In some developing countries, MWHs are an important part of national strategies to improve maternal health services [5]. In Zambia, health authorities have adopted MWHs for decades to overcome demand-side barriers and increase access to skilled birth attendants [6, 7]. In El Salvador, the state of maternal health care services remains poor, particularly for the poorest populations residing in remote areas [8]. The government of El Salvador implemented the MWH program to reduce the maternal mortality ratio in rural areas [2].

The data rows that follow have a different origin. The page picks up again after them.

text \<open>The heart of part (a): the alternating bond coefficients (-1)^k of
(hX X + hY Y) (hX X + hY Y) cancel in every window once hZ = 0 and JY hX^2 = - JX hY^2.\<close>

lemma alternating_field_pairs_window_zero:
  fixes q :: "(nat \<Rightarrow> pauli) \<Rightarrow> complex" and c :: complex
  assumes L: "bond_local N q"
   and q0: "\<And>A B. A \<noteq> PI \<Longrightarrow> B \<noteq> PI \<Longrightarrow> q (bond N p A B) = c * field_coef hX hY A * field_coef hX hY B"
   and q1: "\<And>A B. A \<noteq> PI \<Longrightarrow> B \<noteq> PI \<Longrightarrow> q (bond N p1 A B) = - c * field_coef hX hY A * field_coef hX hY B"
   and q2: "\<And>A B. A \<noteq> PI \<Longrightarrow> B \<noteq> PI \<Longrightarrow> q (bond N p2 A B) = c * field_coef hX hY A * field_coef hX hY B"
   and q3: "\<And>A B. A \<noteq> PI \<Longrightarrow> B \<noteq> PI \<Longrightarrow> q (bond N p3 A B) = - c * field_coef hX hY A * field_coef hX hY B"
   and q_onsite: "\<And>j A. j < N \<Longrightarrow> A \<noteq> PI \<Longrightarrow> q (onsite j A) = 0" and q_id: "q (\<lambda>_. PI) = 0"
   and hZ: "hZ = 0" and hX: "hX \<noteq> 0"
   and JY: "complex_of_real JY = - complex_of_real JX * complex_of_real hY ^ 2 / complex_of_real hX ^ 2"
  shows "(\<Sum>i<N. commutator_term N JX JY hX hY hZ q (window_string PI A D C PI) i) = 0"
  apply (simp only: window_commutator_sum)
  apply (simp only: commutator_term_def bond_window_string string_mult_window_string string_phase_window_string)
  apply (cases A; cases D; cases C)
  apply (simp_all add: window_string_bond window_string_far_zero[OF L] N6 q0 q1 q2 q3 q_onsite q_id hZ)
  using hX apply (simp_all add: JY field_simps)
  apply (simp_all add: power2_eq_square mult_ac)
  done

end

lemma bond_local_Q0: "1 < N \<Longrightarrow> bond_local N (\<lambda>w. pcoef N w (Q0 N hX hY))"
  unfolding bond_local_def using pcoef_Q0_not_bond_supported by blast

lemma (in ring_window) Q0_window_commutator_zero:
  assumes special: "special_point N JX JY hX hY hZ"
  shows "(\<Sum>i<N. commutator_term N JX JY hX hY hZ (\<lambda>w. pcoef N w (Q0 N hX hY))
            (window_string PI A D C PI) i) = 0"
proof -
  have ev: "even N" and hZ: "hZ = 0" and hX: "hX \<noteq> 0" and JY: "JY = - JX * (hY / hX) ^ 2"
    using special unfolding special_point_def by auto
  have N: "1 < N" "2 < N" using N6 by auto
  have q_bond: "pcoef N (bond N k A B) (Q0 N hX hY) = (-1) ^ (k + 1) * field_coef hX hY A * field_coef hX hY B"
    if "k < N" "A \<noteq> PI" "B \<noteq> PI" for k A B
    using pcoef_Q0_bond_field_coef[OF N(2) that] .
  have sign1: "(-1::complex) ^ (p1 + 1) = - ((-1) ^ (p + 1))"
    using alternating_sign_Suc_mod[OF ev p_less] by (simp only: window_Suc)
  have "(-1::complex) ^ (p2 + 1) = - ((-1) ^ (p1 + 1))"
    using alternating_sign_Suc_mod[OF ev window_sites_less(2)] by (simp only: window_Suc)
  then have sign2: "(-1::complex) ^ (p2 + 1) = (-1) ^ (p + 1)"
    unfolding sign1 minus_minus .
  have "(-1::complex) ^ (p3 + 1) = - ((-1) ^ (p2 + 1))"
    using alternating_sign_Suc_mod[OF ev window_sites_less(3)] by (simp only: window_Suc)
  then have sign3: "(-1::complex) ^ (p3 + 1) = - ((-1) ^ (p + 1))"
    unfolding sign2 .
  show ?thesis
  proof (rule alternating_field_pairs_window_zero[OF bond_local_Q0[OF N(1)], where c = "(-1) ^ (p + 1)"])
    show "pcoef N (bond N p A B) (Q0 N hX hY) = (-1) ^ (p + 1) * field_coef hX hY A * field_coef hX hY B"
      if "A \<noteq> PI" "B \<noteq> PI" for A B
      using q_bond[OF p_less that] .
    show "pcoef N (bond N p1 A B) (Q0 N hX hY) = - ((-1) ^ (p + 1)) * field_coef hX hY A * field_coef hX hY B"
      if "A \<noteq> PI" "B \<noteq> PI" for A B
      unfolding q_bond[OF window_sites_less(2) that] sign1 ..
    show "pcoef N (bond N p2 A B) (Q0 N hX hY) = (-1) ^ (p + 1) * field_coef hX hY A * field_coef hX hY B"
      if "A \<noteq> PI" "B \<noteq> PI" for A B
      unfolding q_bond[OF window_sites_less(3) that] sign2 ..
    show "pcoef N (bond N p3 A B) (Q0 N hX hY) = - ((-1) ^ (p + 1)) * field_coef hX hY A * field_coef hX hY B"
      if "A \<noteq> PI" "B \<noteq> PI" for A B
      unfolding q_bond[OF window_sites_less(4) that] sign3 ..
  qed (use N hZ hX JY in \<open>simp_all add: pcoef_Q0_onsite pcoef_Q0_identity power_divide\<close>)
qed

theorem Q0_commutes_ham:
  assumes N6: "6 \<le> N" and special: "special_point N JX JY hX hY hZ"
  shows "commutes N (Q0 N hX hY) (ham N JX JY hX hY hZ)"
proof -
  have N: "1 < N" using N6 by simp
  have R: "pcoef N z (Q0 N hX hY) = pcoef N z' (Q0 N hX hY)" if "\<forall>r<N. z r = z' r" for z z'
    unfolding pcoef_def pstring_cong[OF that] ..
  have window: "(\<Sum>i<N. commutator_term N JX JY hX hY hZ (\<lambda>w. pcoef N w (Q0 N hX hY))
      (ring_window.window_string N p PI A D C PI) i) = 0" if "p < N" for p A D C
    by (rule ring_window.Q0_window_commutator_zero[OF ring_window.intro[OF N6 that] special])
  define D where "D = (\<lambda>a b. mmul N (Q0 N hX hY) (ham N JX JY hX hY hZ) a b
                            - mmul N (ham N JX JY hX hY hZ) (Q0 N hX hY) a b)"
  have "pauli_span N D"
    unfolding D_def by (intro pauli_span_diff pauli_span_mmul pauli_span_Q0 pauli_span_ham N)
  moreover have "pcoef N w D = 0" for w
    using commutator_terms_zero_from_windows[OF N6 bond_local_Q0[OF N] R window]
    unfolding D_def pcoef_diff pcoef_commutator[symmetric] .
  ultimately have "D = (\<lambda>a b. 0)" by (rule pauli_span_eq_zero)
  then have "D a b = 0" for a b by simp
  then show ?thesis unfolding commutes_def D_def by (intro ext) simp
qed

section \<open>Classification of conserved quantities\<close>

lemma pauli_span_eq_by_bond_coefs:
  assumes N: "1 < N" and A: "pauli_span N A" "bond_local N (\<lambda>w. pcoef N w A)"
    and B: "pauli_span N B" "bond_local N (\<lambda>w. pcoef N w B)"
    and identity: "pcoef N (\<lambda>_. PI) A = pcoef N (\<lambda>_. PI) B"
    and onsite: "\<And>i P. i < N \<Longrightarrow> P \<noteq> PI \<Longrightarrow> pcoef N (onsite i P) A = pcoef N (onsite i P) B"
    and bond: "\<And>i P P'. i < N \<Longrightarrow> P \<noteq> PI \<Longrightarrow> P' \<noteq> PI \<Longrightarrow>
      pcoef N (bond N i P P') A = pcoef N (bond N i P P') B"
  shows "A = B"
proof -
  have "(\<lambda>a b. A a b - B a b) = (\<lambda>a b. 0)"
  proof (rule pauli_span_eq_zero)
    show "pauli_span N (\<lambda>a b. A a b - B a b)" using A(1) B(1) by (rule pauli_span_diff)
    fix w assume w: "ring_string N w"
    show "pcoef N w (\<lambda>a b. A a b - B a b) = 0"
    proof (cases "bond_supported N w")
      case True
      from bond_supported_cases[OF w True N] show ?thesis
      proof cases
        case 1
        then show ?thesis using identity by (simp add: pcoef_diff)
      next
        case (2 i P)
        then show ?thesis using onsite by (simp add: pcoef_diff)
      next
        case (3 i P P')
        then show ?thesis using bond by (simp add: pcoef_diff)
      qed
    next
      case False
      then have "pcoef N w A = 0" "pcoef N w B = 0" using A(2) B(2) unfolding bond_local_def by blast+
      then show ?thesis by (simp add: pcoef_diff)
    qed
  qed
  then have "A a b - B a b = 0" for a b by metis
  then show ?thesis by (intro ext) simp
qed

lemma bond_local_combination:
  assumes "1 < N"
  shows "bond_local N (\<lambda>w. pcoef N w (\<lambda>a b. \<alpha> * idop N a b + \<beta> * ham N JX JY hX hY hZ a b
                                          + \<gamma> * Q0 N hX hY a b))"
proof -
  have idop: "pcoef N w (idop N) = 0" if "\<not> bond_supported N w" for w
  proof -
    have "bond_supported N (\<lambda>_. PI)" unfolding bond_supported_def using assms by auto
    then show ?thesis using that bond_supported_cong[of N "\<lambda>_. PI" w] by (auto simp: pcoef_idop)
  qed
  show ?thesis
    unfolding bond_local_def
  proof (intro allI impI)
    fix w
    assume nz: "pcoef N w (\<lambda>a b. \<alpha> * idop N a b + \<beta> * ham N JX JY hX hY hZ a b + \<gamma> * Q0 N hX hY a b) \<noteq> 0"
    show "bond_supported N w"
    proof (rule ccontr)
      assume ns: "\<not> bond_supported N w"
      have "pcoef N w (\<lambda>a b. \<alpha> * idop N a b + \<beta> * ham N JX JY hX hY hZ a b + \<gamma> * Q0 N hX hY a b) = 0"
        using idop[OF ns] pcoef_ham_not_bond_supported[OF ns] pcoef_Q0_not_bond_supported[OF assms ns]
        by (simp add: pcoef_add pcoef_cmult)
      with nz show False by contradiction
    qed
  qed
qed

theorem commutant_decomposition:
  assumes N6: "6 \<le> N" and JX: "JX \<noteq> 0" and JY: "JY \<noteq> 0" and hXY: "(hX, hY) \<noteq> (0, 0)"
    and Q: "local_op 2 N Q" and com: "commutes N Q (ham N JX JY hX hY hZ)"
  obtains \<alpha> \<beta> \<gamma> where
    "Q = (\<lambda>a b. \<alpha> * idop N a b + \<beta> * ham N JX JY hX hY hZ a b + \<gamma> * Q0 N hX hY a b)"
    "\<not> special_point N JX JY hX hY hZ \<Longrightarrow> \<gamma> = 0"
    "\<And>i. i < N \<Longrightarrow> pcoef N (bond N i PX PX) Q = \<beta> * of_real JX + \<gamma> * (-1) ^ (i + 1) * of_real hX ^ 2"
    "\<And>i. i < N \<Longrightarrow> pcoef N (bond N i PY PY) Q = \<beta> * of_real JY + \<gamma> * (-1) ^ (i + 1) * of_real hY ^ 2"
proof -
  have N: "1 < N" "2 < N" using N6 by auto
  have L: "bond_local N (\<lambda>w. pcoef N w Q)"
    using local_op_2_bond_local[OF Q] N6 by simp
  note H = commutes_imp_commutator_terms_zero[OF com]
  obtain \<beta> \<gamma> where
    xx: "\<And>i. i < N \<Longrightarrow> pcoef N (bond N i PX PX) Q = \<beta> * of_real JX + \<gamma> * (-1) ^ (i + 1) * of_real hX ^ 2"
    and yy: "\<And>i. i < N \<Longrightarrow> pcoef N (bond N i PY PY) Q = \<beta> * of_real JY + \<gamma> * (-1) ^ (i + 1) * of_real hY ^ 2"
    and xy: "\<And>i. i < N \<Longrightarrow> pcoef N (bond N i PX PY) Q = \<gamma> * (-1) ^ (i + 1) * of_real hX * of_real hY"
    and yx: "\<And>i. i < N \<Longrightarrow> pcoef N (bond N i PY PX) Q = \<gamma> * (-1) ^ (i + 1) * of_real hX * of_real hY"
    and x: "\<And>i. i < N \<Longrightarrow> pcoef N (onsite i PX) Q = \<beta> * of_real hX"
    and y: "\<And>i. i < N \<Longrightarrow> pcoef N (onsite i PY) Q = \<beta> * of_real hY"
    and z: "\<And>i. i < N \<Longrightarrow> pcoef N (onsite i PZ) Q = \<beta> * of_real hZ"
    and \<gamma>: "\<not> special_point N JX JY hX hY hZ \<Longrightarrow> \<gamma> = 0"
    using commutant_coefficients[OF N6 JX JY L H hXY] by blast
  note Z = commutant_bond_Z_zero[OF N6 JX JY L H]
  define \<alpha> where "\<alpha> = pcoef N (\<lambda>_. PI) Q"
  have "Q = (\<lambda>a b. \<alpha> * idop N a b + \<beta> * ham N JX JY hX hY hZ a b + \<gamma> * Q0 N hX hY a b)"
  proof (rule pauli_span_eq_by_bond_coefs[OF N(1) local_op_pauli_span[OF Q] L _ bond_local_combination[OF N(1)]])
    show "pauli_span N (\<lambda>a b. \<alpha> * idop N a b + \<beta> * ham N JX JY hX hY hZ a b + \<gamma> * Q0 N hX hY a b)"
      by (intro pauli_span_add pauli_span_cmult pauli_span_idop pauli_span_ham pauli_span_Q0 N)
    show "pcoef N (\<lambda>_. PI) Q = pcoef N (\<lambda>_. PI)
        (\<lambda>a b. \<alpha> * idop N a b + \<beta> * ham N JX JY hX hY hZ a b + \<gamma> * Q0 N hX hY a b)"
      using pcoef_ham_identity[OF N(2)] pcoef_Q0_identity[OF N(1)]
      by (simp add: pcoef_add pcoef_cmult pcoef_idop \<alpha>_def)
    fix i P P' assume i: "i < N" and P: "P \<noteq> PI" and P': "P' \<noteq> PI"
    have "\<not> (\<forall>k<N. onsite i P k = PI)" using onsite_neq_identity[OF i P] by metis
    then show "pcoef N (onsite i P) Q = pcoef N (onsite i P)
        (\<lambda>a b. \<alpha> * idop N a b + \<beta> * ham N JX JY hX hY hZ a b + \<gamma> * Q0 N hX hY a b)"
      unfolding pcoef_add pcoef_cmult pcoef_idop pcoef_ham_onsite[OF N(2) i P] pcoef_Q0_onsite[OF N(1) i P]
      using x[OF i] y[OF i] z[OF i] P by (cases P) auto
    have "\<not> (\<forall>k<N. bond N i P P' k = PI)" using bond_neq_identity[OF N(1) i P] by metis
    then show "pcoef N (bond N i P P') Q = pcoef N (bond N i P P')
        (\<lambda>a b. \<alpha> * idop N a b + \<beta> * ham N JX JY hX hY hZ a b + \<gamma> * Q0 N hX hY a b)"
      unfolding pcoef_add pcoef_cmult pcoef_idop pcoef_ham_bond[OF N(2) i P P'] pcoef_Q0_bond[OF N(2) i P P']
      using xx[OF i] yy[OF i] xy[OF i] yx[OF i] Z[OF i] P P'
      by (cases P; cases P') (auto simp: algebra_simps power2_eq_square)
  qed
  from this \<gamma> xx yy show thesis by (rule that)
qed

lemma local_op_1_bond_coef_zero:
  assumes N: "1 < N" and Q: "local_op 1 N Q" and i: "i < N" and A: "A \<noteq> PI" and B: "B \<noteq> PI"
  shows "pcoef N (bond N i A B) Q = 0"
proof (rule ccontr)
  assume nz: "pcoef N (bond N i A B) Q \<noteq> 0"
  obtain S c where S: "\<forall>s\<in>S. (\<forall>i\<ge>N. s i = PI) \<and> support N s \<le> 1"
     "Q = (\<lambda>a b. \<Sum>s\<in>S. c s * pstring N s a b)"
    using Q unfolding local_op_def by blast
  obtain s where s: "s \<in> S" "\<forall>k<N. bond N i A B k = s k"
    using pcoef_lincomb_nonzero nz S(2) by blast
  have ne: "Suc i mod N \<noteq> i" and si: "Suc i mod N < N" using Suc_mod_neq[OF N] N by auto
  have "s i = bond N i A B i" "s (Suc i mod N) = bond N i A B (Suc i mod N)" using s(2) i si by auto
  then have "s i \<noteq> PI" "s (Suc i mod N) \<noteq> PI" using ne A B by (simp_all add: bond_def)
  then have "i = Suc i mod N"
    using support_le_1_single_site[of N s i "Suc i mod N"] S(1) s(1) i si N by simp
  then show False using ne by simp
qed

To analyze the effects of MWH in El Salvador, we first build an empirical model to explain the differences in MMR across countries. Based on this model, we show that the case of El Salvador cannot be fully explained by the health and non-health indicators traditionally used in MMR analysis. Based on the empirical results, we suggest that the maternity waiting home program was an important factor that partly explains the large drop in MMR in El Salvador.

Methods

Characteristics of maternity waiting home

El Salvador is a country that is situated in the southwestern part of Central America. El Salvador’s mountainous geography makes transportation difficult and medical facility accessibility challenging in many regions; transportation services are not readily supported in El Salvador, particularly in the case of expectant mothers in remote areas who need access to hospitals at impending stages before delivery [9, 10].

The Department of Health in El Salvador amended the Medical Service Act in 2010 to strengthen primary medical services and prevent the exclusion of remote residents from medical services [10]. Family Health Community Teams (Unidades Comunitarias de Salud Familiar: UCSF) and maternity waiting homes are important programs for maternal and child health. At the level of municipal health networks, UCSF health centers are responsible for primary health services [9, 10]. Nationwide, there are more than 360 UCSFs that are in charge of maternal and child health [10, 11].

The medical team that works in UCSF is called ECOS (Equipos Comunitarios de Salud: Community Health Team) and consists of doctors, nurses, nutritionists, health education specialists, psychology counsellors, and nurse assistants [10]. ECOS provides primary care at regular check-ups, vaccinations, and medical treatment [12]. Community health workers in UCSF health centers are trained for a certain period of time and placed in a UCSF to learn, research, and routinely report on health problems of the designated region. Furthermore, they keep track of the conditions of expectant mothers in maternal health-related issues and report them to health centers [13]. One community health worker is required to attend to 200 households residing in the region [9].

To strengthen mother and child health services specifically for remote pregnant women [14] and prevent maternal deaths, the government of El Salvador established a program of Maternity Waiting Home for Expectant Mothers in 2009. MWHs are a part of the overall health delivery system in El Salvador [3]. With assistance from the Korea International Cooperation Agency (KOICA) and United States Agency for International Development (USAID), 16 MWHs were set up by 2013.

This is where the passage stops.